Basically anywhere you have an option to change the PW will stay the same. But on all the servers and PCs listed in AD will change along with everything else. If the app or PC "only if you login locally" has an option somewhere within to change the PW you would need to do it that way for that APP or local PC.


----------



## LMiller7 (Jun 21, 2010)

One of the advantages of a domain is that it centralizes security. You only need to change your password in one place and the change will be in effect everywhere. Your access to domain resources is based on your account. The password is only used to verify that a user logging on is who he claims to be.

I see only two problems with changing a password:

1. Services that use your account. Since most services use a system account there should be few instances of this.
2. Scheduled tasks. You would need to update your password for these.

In any event changing your password is a necessary security precaution. The consequences of your login name and password falling into the wrong hands can be dire.


----------



## Berwill (Sep 15, 2010)

Joeny0706
When you say the PC computer listing in AD are you referring to the computer folder under the root?
Like I have berwin.com
Domain Controllers beneath it that contain my 2 DCs
Bercomputers folder - Miramar folder has my other 3 servers

I am not sure what you mean, is the printer setup in Explorer. All printers are install on the File/Print server and to install a printer on a desktop I just UNC to the server and double click the printer to install it.

LMiller7
Services was one of my concerns, how can I verify none would be affected?
Same with Scheduled tasks, how can I verify that?
Yes and since I don't beleive it has ever been change that is why I want to.

I thought I should be a little more specific on my network:
2 Server 2003 file servers ( Both are AD, file, and print servers ) 1 per physical location
1 server 2000 file server
1 server 2003 mail server ( IBM Domino )
All on a Domain
Active Directory
Multiple folders, printers shared.

Thanks for everyone's help.
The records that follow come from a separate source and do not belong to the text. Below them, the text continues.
abbreviation delay_window :: "real \<Rightarrow> nat \<Rightarrow> real set" where
  "delay_window taubar n \<equiv> {real n * taubar - taubar .. real n * taubar}"

lemma dHK_halfspace_forward_invariant:
  fixes x :: "nat \<Rightarrow> real \<Rightarrow> 'a::euclidean_space"
  assumes "0 \<le> taubar"
    and tau: "\<And>t. t \<ge> 0 \<Longrightarrow> 0 \<le> tau t \<and> tau t \<le> taubar"
    and psi_nonneg: "\<And>u w. 0 \<le> psi u w"
    and sol: "dHK_solution N taubar tau psi x0 x"
    and init: "\<And>k r. k \<in> {1..N} \<Longrightarrow> r \<in> delay_window taubar n \<Longrightarrow> v \<bullet> x k r \<le> M"
    and "k \<in> {1..N}" "real n * taubar - taubar \<le> t"
  shows "v \<bullet> x k t \<le> M"
proof -
  define a c where "a = real n * taubar - taubar" and "c = real n * taubar"
  have "0 \<le> c" "a \<le> c" "-taubar \<le> a"
    using \<open>0 \<le> taubar\<close> by (simp_all add: a_def c_def)
  have cont: "continuous_on {a..} (\<lambda>t. v \<bullet> x k t)" if "k \<in> {1..N}" for k
  proof -
    have "continuous_on {-taubar..} (x k)"
      using sol that by (rule dHK_solution_continuous)
    then have "continuous_on {a..} (x k)"
      by (rule continuous_on_subset) (use \<open>-taubar \<le> a\<close> in auto)
    then show ?thesis
      by (intro continuous_intros)
  qed
  have deriv: "\<exists>D\<le>0. ((\<lambda>t. v \<bullet> x k t) has_real_derivative D) (at t)"
    if k: "k \<in> {1..N}" and "c < t"
      and below: "\<And>j r. j \<in> {1..N} \<Longrightarrow> a \<le> r \<Longrightarrow> r \<le> t \<Longrightarrow> v \<bullet> x j r \<le> v \<bullet> x k t" for k t
  proof -
    define s where "s = t - tau t"
    define D where "D = v \<bullet> dHK_field N tau psi x k t"
    have "t > 0"
      using \<open>0 \<le> c\<close> \<open>c < t\<close> by linarith
    have "a \<le> s" "s \<le> t"
      using tau[of t] \<open>t > 0\<close> \<open>c < t\<close> by (simp_all add: s_def a_def c_def)
    have "((\<lambda>t. v \<bullet> x k t) has_real_derivative D) (at t)"
      unfolding D_def has_real_derivative_iff_has_vector_derivative
      by (rule bounded_linear.has_vector_derivative[OF bounded_linear_inner_right
            dHK_solution_derivative[OF sol k \<open>t > 0\<close>]])
    moreover have "D \<le> 0"
    proof -
      have "0 \<le> 1 / (real N - 1)" \<comment> \<open>for N = 1 the factor is 1 / 0 = 0\<close>
        using k by simp
      moreover have "(\<Sum>j\<in>{1..N}-{k}. psi (x k t) (x j s) * (v \<bullet> x j s - v \<bullet> x k t)) \<le> 0"
        using below[OF _ \<open>a \<le> s\<close> \<open>s \<le> t\<close>] psi_nonneg
        by (intro sum_nonpos mult_nonneg_nonpos) auto
      ultimately show ?thesis
        unfolding D_def inner_dHK_field s_def[symmetric] by (rule mult_nonneg_nonpos)
    qed
    ultimately show ?thesis
      by blast
  qed
  have "a \<le> t"
    using \<open>real n * taubar - taubar \<le> t\<close> by (simp add: a_def)
  have init': "v \<bullet> x k r \<le> M" if "k \<in> {1..N}" "a \<le> r" "r \<le> c" for k r
    using init that by (simp add: a_def c_def)
  show ?thesis
    by (rule delayed_max_principle[where y="\<lambda>k t. v \<bullet> x k t", OF finite_atLeastAtMost
          \<open>a \<le> c\<close> cont init' deriv \<open>k \<in> {1..N}\<close> \<open>a \<le> t\<close>])
qed

lemma norm_le_diamD:
  fixes x :: "nat \<Rightarrow> real \<Rightarrow> 'a::euclidean_space"
  assumes "0 \<le> taubar"
    and cont: "\<And>i. i \<in> {1..N} \<Longrightarrow> continuous_on {-taubar..} (x i)"
    and "i \<in> {1..N}" "j \<in> {1..N}" "s \<in> delay_window taubar n" "t \<in> delay_window taubar n"
  shows "norm (x i s - x j t) \<le> diamD N taubar x n"
proof -
  define W where "W = delay_window taubar n"
  define f where "f = (\<lambda>(i, j, s, t). norm (x i s - x j t))"
  have "W \<subseteq> {-taubar..}"
    using \<open>0 \<le> taubar\<close> by (auto simp: W_def)
  then have "compact (x i ` W)" if "i \<in> {1..N}" for i
    by (intro compact_continuous_image continuous_on_subset[OF cont[OF that]]) (simp_all add: W_def)
  then have "bounded (\<Union>i\<in>{1..N}. x i ` W)"
    by (simp add: bounded_UN compact_imp_bounded)
  then obtain B where B: "\<And>i s. i \<in> {1..N} \<Longrightarrow> s \<in> W \<Longrightarrow> norm (x i s) \<le> B"
    unfolding bounded_iff by blast
  have "bdd_above (f ` ({1..N} \<times> {1..N} \<times> W \<times> W))"
  proof (rule bdd_aboveI2)
    fix p assume "p \<in> {1..N} \<times> {1..N} \<times> W \<times> W"
    then obtain i j s t where "p = (i, j, s, t)" "i \<in> {1..N}" "j \<in> {1..N}" "s \<in> W" "t \<in> W"
      by auto
    then show "f p \<le> B + B"
      using norm_triangle_ineq4[of "x i s" "x j t"] B[of i s] B[of j t] by (simp add: f_def)
  qed
  then show ?thesis
    using cSUP_upper[of "(i, j, s, t)" "{1..N} \<times> {1..N} \<times> W \<times> W" f] assms(3-6)
    by (simp add: diamD_def f_def W_def)
qed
It doesn't sound like I will have a problem, I just want to be as sure as possible before taking the plung...


----------



## Wand3r3r (Sep 17, 2010)

how can I verify none would be affected?
You would review each service under services for what logon account they are using. Same procedure for scheduled tasks.

Note: you should not be using the Administrator account. One of the security recommendations is to take way rights from the administrator account to leave it as bait if you are hacked. You should have other administrator equal accounts in case an admin account gets corrupted.


----------



## Berwill (Sep 15, 2010)

Wand3r3r,
I see what your saying. Go to Services, open one, go to the Log On tab.
Mine say Log on as:
Local system account

Or:
This account - NT Authority\Localservice ( And a password )
NT Authority\Networkservice
.\Administrator
berwin(Domain name)\Administrator

Scheduled tasks you are referring to:
Programs - Accessories - System Tools?
There is nothing in mine.

Your right I do need to use a different one.
Thanks,
Will


----------